Multilingual
The assistant reads the language of the shopper's latest message and replies in that same language and script. Product facts stay grounded in your store data: they are never translated, reworded into new claims, or invented. Only the assistant's own wording switches language.
How language detection works
On every turn, the assistant looks at the customer's most recent message, detects its language, and replies in that same language. It matches the script as well as the language, so a shopper who types Roman Urdu (Urdu written in the Latin alphabet) gets a reply in Roman Urdu, not in Urdu script, unless they switch first.
The assistant will not change languages on a shopper unprompted. If the conversation is in English and stays in English, replies stay in English. When the shopper switches, the next reply follows them.
Out of the box, the supported set is English, Urdu, and Roman Urdu. Detection runs automatically with no per-store setup.
Product facts are never translated
This is the core promise of the assistant, and it holds in every language. Product details, specifications, prices, product names, and stock all come from your live catalogue through tool calls. Those values are passed through verbatim. They are never translated, localised, reworded into new claims, or invented.
Only the assistant's own explanatory wording, the sentence that introduces or summarises results, switches language. The underlying data does not. Currency symbols and amounts stay exactly as your store reports them, so a price of ₨2,499 reads the same whether the surrounding reply is in English or in Urdu.
Setting the languages
The behaviour is on by default. You can review or pin it under WooCommerce → Fahad AI, in the Languages field.

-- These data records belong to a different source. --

(* A binary relation (i.e. a structure $(X,\rho)$ with $\rho\subseteq X\times X$) is unary FA-presentable if and only if it is isomorphic to a binary relation obtained by propagating a unary FA-foundational binary relation.
   Context: A structure is unary FA-presentable if there exist a regular language $L\subseteq a^*$ over a one-letter alphabet and a surjection $\phi:L\to X$ such that, for each of the relations equality and $\rho$, the set of pairs $(u,v)\in L^2$ with $u\phi,v\phi$ related is a regular relation, i.e. $\{\mathrm{conv}(u,v)\}$ is a regular language, where $\mathrm{conv}(u,v)$ is the word over $\{a,\$\}^2$ reading $u,v$ in parallel with the shorter word padded by $\$$. A unary FA-foundational binary relation is a finite set $Q$ with a relation $\rho\subseteq Q\times Q$ and pairwise disjoint subsets $P_0,\dots,P_{n-1}$ ($n\ge 0$) called seeds, each $P_k=\{p^{(k)}_1,\dots,p^{(k)}_5\}$ with five distinct elements, such that, writing $Q'=Q\setminus(P_0\cup\dots\cup P_{n-1})$, for all $k,l\in\{0,\dots,n-1\}$ (possibly $k=l$) and all $q\in Q'$: (1) the statements $p^{(k)}_i\,\rho\,p^{(l)}_i$ for $i=1,\dots,5$ are all true or all false; (2) the statements $p^{(k)}_i\,\rho\,p^{(l)}_{i+1}$ for $i=1,\dots,4$ are all true or all false; (3) the statements $p^{(k)}_{i+1}\,\rho\,p^{(l)}_{i}$ for $i=1,\dots,4$ are all true or all false; (4) the statements $p^{(k)}_i\,\rho\,p^{(l)}_j$ for all $1\le i,j\le 5$ with $j-i\ge 2$ are all true or all false; (5) the statements $p^{(k)}_j\,\rho\,p^{(l)}_i$ for all $1\le i,j\le5$ with $j-i\ge 2$ are all true or all false; (6) the statements $q\,\rho\,p^{(k)}_i$ for $i=2,\dots,5$ are all true or all false; (7) the statements $p^{(k)}_i\,\rho\,q$ for $i=2,\dots,5$ are all true or all false. Propagating it yields the structure $(\hat Q,\hat\rho)$ where $\hat Q=Q'\cup\{p^{(k)}_i: 0\le k\le n-1,\ i\in\mathbb{N}=\{1,2,\dots\}\}$ (new distinct elements $p^{(k)}_i$ for $i\ge 6$), and $\hat\rho$ is defined by: for $p,q\in Q'$, $p\,\hat\rho\, q$ iff $p\,\rho\, q$; for $i,j\in\mathbb{N}$, $p^{(k)}_i\,\hat\rho\,p^{(l)}_j$ iff [$j=i$ and $p^{(k)}_1\rho p^{(l)}_1$] or [$j=i+1$ and $p^{(k)}_1\rho p^{(l)}_2$] or [$j=i-1$ and $p^{(k)}_2\rho p^{(l)}_1$] or [$j\ge i+2$ and $p^{(k)}_1\rho p^{(l)}_3$] or [$j\le i-2$ and $p^{(k)}_3\rho p^{(l)}_1$]; for $q\in Q'$: $q\,\hat\rho\,p^{(k)}_1$ iff $q\rho p^{(k)}_1$, and for $i\ge2$, $q\,\hat\rho\,p^{(k)}_i$ iff $q\rho p^{(k)}_2$; $p^{(k)}_1\,\hat\rho\,q$ iff $p^{(k)}_1\rho q$, and for $i\ge 2$, $p^{(k)}_i\,\hat\rho\,q$ iff $p^{(k)}_2\rho q$. (Then $\hat\rho$ restricted to $Q$ equals $\rho$.) *)

theory Defs
  imports Main
begin

definition regular :: "'c list set \<Rightarrow> bool" where
  "regular L \<longleftrightarrow> (\<exists>(N::nat) (delta :: nat \<Rightarrow> 'c \<Rightarrow> nat) q0 F.
      q0 < N \<and> (\<forall>q<N. \<forall>c. delta q c < N) \<and> F \<subseteq> {..<N} \<and>
      L = {w. foldl delta q0 w \<in> F})"

text \<open>Words over the one-letter alphabet {a}: lists over unit. The padded
  alphabet {a,\$}: symbols A (= a) and Pad (= \$).\<close>

datatype sym = A | Pad

definition conv :: "unit list \<Rightarrow> unit list \<Rightarrow> (sym \<times> sym) list" where
  "conv u v = map (\<lambda>i. (if i < length u then A else Pad, if i < length v then A else Pad))
                  [0..<max (length u) (length v)]"

definition regular_relation :: "(unit list \<Rightarrow> unit list \<Rightarrow> bool) \<Rightarrow> bool" where
  "regular_relation R \<longleftrightarrow> regular {conv u v | u v. R u v}"

definition unary_FA_presentable :: "'a set \<Rightarrow> ('a \<Rightarrow> 'a \<Rightarrow> bool) \<Rightarrow> bool" where
  "unary_FA_presentable X rho \<longleftrightarrow> (\<exists>(L :: unit list set) (phi :: unit list \<Rightarrow> 'a).
      regular L \<and> phi ` L = X \<and>
      regular_relation (\<lambda>u v. u \<in> L \<and> v \<in> L \<and> phi u = phi v) \<and>
      regular_relation (\<lambda>u v. u \<in> L \<and> v \<in> L \<and> rho (phi u) (phi v)))"

definition uniform :: "'i set \<Rightarrow> ('i \<Rightarrow> bool) \<Rightarrow> bool" where
  "uniform I P \<longleftrightarrow> (\<forall>i\<in>I. P i) \<or> (\<forall>i\<in>I. \<not> P i)"

definition seed_elems :: "nat \<Rightarrow> (nat \<Rightarrow> nat \<Rightarrow> 'b) \<Rightarrow> 'b set" where
  "seed_elems n p = {p k i | k i. k < n \<and> i \<in> {1..5}}"

definition FA_foundational ::
  "'b set \<Rightarrow> ('b \<Rightarrow> 'b \<Rightarrow> bool) \<Rightarrow> nat \<Rightarrow> (nat \<Rightarrow> nat \<Rightarrow> 'b) \<Rightarrow> bool" where
  "FA_foundational Q rho n p \<longleftrightarrow>
     finite Q \<and> (\<forall>x y. rho x y \<longrightarrow> x \<in> Q \<and> y \<in> Q) \<and>
     seed_elems n p \<subseteq> Q \<and>
     inj_on (\<lambda>(k, i). p k i) ({..<n} \<times> {1..5}) \<and>
     (\<forall>k<n. \<forall>l<n.
        uniform {1..5} (\<lambda>i. rho (p k i) (p l i)) \<and>
        uniform {1..4} (\<lambda>i. rho (p k i) (p l (i+1))) \<and>
        uniform {1..4} (\<lambda>i. rho (p k (i+1)) (p l i)) \<and>
        uniform {(i, j). 1 \<le> i \<and> j \<le> 5 \<and> i + 2 \<le> j} (\<lambda>(i, j). rho (p k i) (p l j)) \<and>
        uniform {(i, j). 1 \<le> i \<and> j \<le> 5 \<and> i + 2 \<le> j} (\<lambda>(i, j). rho (p k j) (p l i))) \<and>
     (\<forall>k<n. \<forall>q \<in> Q - seed_elems n p.
        uniform {2..5} (\<lambda>i. rho q (p k i)) \<and>
        uniform {2..5} (\<lambda>i. rho (p k i) q))"

text \<open>The propagated structure. Elements of Q' are represented as Inl q, and
  the element p^(k)_i (k < n, i \<ge> 1) as Inr (k, i).\<close>

definition prop_carrier :: "'b set \<Rightarrow> nat \<Rightarrow> (nat \<Rightarrow> nat \<Rightarrow> 'b) \<Rightarrow> ('b + nat \<times> nat) set" where
  "prop_carrier Q n p = Inl ` (Q - seed_elems n p) \<union> {Inr (k, i) | k i. k < n \<and> 1 \<le> i}"

fun prop_rel :: "('b \<Rightarrow> 'b \<Rightarrow> bool) \<Rightarrow> (nat \<Rightarrow> nat \<Rightarrow> 'b) \<Rightarrow>
    ('b + nat \<times> nat) \<Rightarrow> ('b + nat \<times> nat) \<Rightarrow> bool" where
  "prop_rel rho p (Inl q) (Inl r) = rho q r"
| "prop_rel rho p (Inr (k, i)) (Inr (l, j)) =
     ((j = i \<and> rho (p k 1) (p l 1)) \<or>
      (j = i + 1 \<and> rho (p k 1) (p l 2)) \<or>
      (j + 1 = i \<and> rho (p k 2) (p l 1)) \<or>
      (j \<ge> i + 2 \<and> rho (p k 1) (p l 3)) \<or>
      (i \<ge> j + 2 \<and> rho (p k 3) (p l 1)))"
| "prop_rel rho p (Inl q) (Inr (k, i)) =
     (if i = 1 then rho q (p k 1) else rho q (p k 2))"
| "prop_rel rho p (Inr (k, i)) (Inl q) =
     (if i = 1 then rho (p k 1) q else rho (p k 2) q)"

definition rel_isomorphic ::
  "'a set \<Rightarrow> ('a \<Rightarrow> 'a \<Rightarrow> bool) \<Rightarrow> 'c set \<Rightarrow> ('c \<Rightarrow> 'c \<Rightarrow> bool) \<Rightarrow> bool" where
  "rel_isomorphic X rho Y sigma \<longleftrightarrow>
     (\<exists>f. bij_betw f X Y \<and> (\<forall>x\<in>X. \<forall>y\<in>X. rho x y \<longleftrightarrow> sigma (f x) (f y)))"

end

theory Submission
  imports Defs
begin

text \<open>Over a one-letter alphabet a word is just its length, and a binary relation on lengths is
  regular exactly when it is ultimately periodic: beyond a threshold T its truth value is
  invariant under adding a period P to both arguments, and, once the arguments are at least T
  apart, under adding P to the larger one alone. A propagated structure, numbered by its
  finitely many non-seed elements followed by the seed chains in blocks of n, is ultimately
  periodic with period n. Conversely, in a presentation keep for each element its least
  representing length; this set of lengths is ultimately periodic, and with a common period P
  exceeding the threshold T the relation on it depends, beyond a point T', only on the residues
  modulo P and on whether the quotients differ by 0, 1, -1 or more. The representatives in
  [T', T' + P) start the seed chains, and the representatives below T' + 5P with the relation
  restricted to them form a foundational relation whose propagation is the given structure.\<close>

lemma regular_of_dfa:
  fixes \<delta> :: "'s \<Rightarrow> 'c \<Rightarrow> 's"
  assumes fin: "finite Qs" and q0: "q0 \<in> Qs" and closed: "\<And>q c. q \<in> Qs \<Longrightarrow> \<delta> q c \<in> Qs"
  shows "regular {w. foldl \<delta> q0 w \<in> F}"
proof -
  obtain h where h: "bij_betw h Qs {..<card Qs}"
    using ex_bij_betw_finite_nat[OF fin] atLeast0LessThan by metis
  define N where "N = card Qs"
  define h' where "h' = the_inv_into Qs h"
  have h_lt: "\<And>q. q \<in> Qs \<Longrightarrow> h q < N" using h unfolding N_def bij_betw_def by auto
  have h'_h: "\<And>q. q \<in> Qs \<Longrightarrow> h' (h q) = q"
    unfolding h'_def using h by (simp add: bij_betw_def the_inv_into_f_f)
  have h'_in: "\<And>n. n < N \<Longrightarrow> h' n \<in> Qs"
    unfolding h'_def N_def using h by (metis bij_betw_def lessThan_iff the_inv_into_into subset_refl)
  define \<delta>' where "\<delta>' = (\<lambda>n c. if n < N then h (\<delta> (h' n) c) else 0)"
  have run: "foldl \<delta>' (h q) w = h (foldl \<delta> q w) \<and> foldl \<delta> q w \<in> Qs" if "q \<in> Qs" for w q
    using that by (induct w arbitrary: q) (simp_all add: \<delta>'_def h_lt h'_h closed)
  have "{w. foldl \<delta> q0 w \<in> F} = {w. foldl \<delta>' (h q0) w \<in> h ` (F \<inter> Qs)}"
    using run[OF q0] inj_on_image_mem_iff[of h Qs] h by (auto simp: bij_betw_def)
  moreover have "\<delta>' n c < N" if "n < N" for n c
    using that h'_in closed h_lt by (simp add: \<delta>'_def)
  moreover have "h q0 < N" "h ` (F \<inter> Qs) \<subseteq> {..<N}" using h_lt q0 by auto
  ultimately show ?thesis unfolding regular_def by blast
qed
(* Let $f_\lambda$ be a probability density on $(0,\infty)$ with finite mean $\mu_\lambda$. Let $P_p$ be a probability distribution on $\{1,\dots,N\}$ with mean $E_p[n]=\sum_n n\,P_p(n)$, and for each $n$ let $g(\cdot\mid n)$ be a probability distribution on $\{0,1,\dots,N\}$ with mean $\overline{g}(n)=\sum_m m\,g(m\mid n)$. Consider random variables $(N_p,N_a,X,T)$ such that: $P\{N_p=n\}=\frac{n}{E_p[n]}P_p(n)$; conditionally on $N_p=n$, $N_a$ has distribution $g(\cdot\mid n)$; conditionally on $N_a=m$, $X$ is distributed as $\lambda_1+\dots+\lambda_m$ with $\lambda_1,\dots,\lambda_m$ i.i.d. with density $f_\lambda$ ($X=0$ if $m=0$); conditionally on $X=x$, $T$ is exponentially distributed with rate $x$ ($T=+\infty$ if $x=0$). Then, with the convention $1/0=+\infty$, $$E[T]\ \ge\ \frac{1}{\mu_\lambda\, E_p[n]}\; E_p\!\left[\frac{n}{\overline{g}(n)}\right],$$ where $E_p[h(n)]=\sum_n h(n)P_p(n)$.
   Context: This models the content access delay $T$ of a random content request in an opportunistic network: $P_p(n)$ is the fraction of contents requested by exactly $n$ nodes (content popularity distribution), $g(m\mid n)$ is the probability that a content of popularity $n$ is held by $m$ nodes (availability given popularity), $f_\lambda$ is the distribution of pairwise contact rates (inter-contact times are exponential), and $X$ is the sum of the contact rates between the requester and the $N_a$ holders. *)

theory Defs
  imports "HOL-Probability.Probability"
begin

definition rate_measure :: "(real \<Rightarrow> real) \<Rightarrow> real measure" where
  "rate_measure f = density lborel (\<lambda>x. ennreal (f x))"

definition X_law :: "(real \<Rightarrow> real) \<Rightarrow> nat \<Rightarrow> real measure" where
  "X_law f m = distr (PiM {..<m} (\<lambda>_. rate_measure f)) borel (\<lambda>\<omega>. \<Sum>i<m. \<omega> i)"

definition T_law :: "real \<Rightarrow> ennreal measure" where
  "T_law x = (if x > 0
     then distr (density lborel (exponential_density x)) borel (\<lambda>t. ennreal t)
     else return borel \<top>)"

definition Np_law :: "nat \<Rightarrow> (nat \<Rightarrow> real) \<Rightarrow> nat measure" where
  "Np_law N Pp = point_measure {1..N}
     (\<lambda>n. ennreal (real n * Pp n / (\<Sum>k\<in>{1..N}. real k * Pp k)))"

definition Na_law :: "nat \<Rightarrow> (nat \<Rightarrow> nat \<Rightarrow> real) \<Rightarrow> nat \<Rightarrow> nat measure" where
  "Na_law N g n = point_measure {0..N} (\<lambda>m. ennreal (g m n))"

definition delay_law :: "nat \<Rightarrow> (nat \<Rightarrow> real) \<Rightarrow> (nat \<Rightarrow> nat \<Rightarrow> real) \<Rightarrow> (real \<Rightarrow> real)
    \<Rightarrow> ennreal measure" where
  "delay_law N Pp g f =
     Np_law N Pp \<bind> (\<lambda>n. Na_law N g n \<bind> (\<lambda>m. X_law f m \<bind> T_law))"

definition expected_delay :: "nat \<Rightarrow> (nat \<Rightarrow> real) \<Rightarrow> (nat \<Rightarrow> nat \<Rightarrow> real) \<Rightarrow> (real \<Rightarrow> real)
    \<Rightarrow> ennreal" where
  "expected_delay N Pp g f = (\<integral>\<^sup>+ t. t \<partial>delay_law N Pp g f)"

end

theory Submission
  imports Defs
begin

auto(the default): detect each shopper's language and match it across the supported set.- A specific list, for example
English, Urdu: folds in your preferred set as advisory guidance for the assistant.
An empty value falls back to auto, which is the safe default. The setting names which languages the assistant should expect and reply in; the actual fluency of non-English replies comes from the AI model you connect.
What a turn looks like
A shopper asks, in Roman Urdu, for something in their budget. The assistant detects the language, calls the catalogue tool, and replies in Roman Urdu while leaving the product card data untouched:
Shopper: budget 3000 me kya mil sakta hai?
Assistant (Roman Urdu wording, grounded data):
3000 ke andar yeh options available hain:
[ product cards rendered from live catalogue ]
Name, price, aur stock store ke data se aate hain.
The introductory sentence is Roman Urdu. The card content, the names, the prices such as ₨2,499, and the stock status, are the exact values the catalogue tool returned.
Things to keep in mind
- Reply quality in any language depends on the AI provider and model you connect. For stores serving Urdu and other non-Latin scripts, a stronger multilingual model gives better wording.
- Language detection is per message. A shopper can move between languages within one conversation and the assistant follows each turn.
- The grounding rule is unconditional. No language, and no setting, lets the assistant translate or restate a price, name, or stock value into something the store did not report.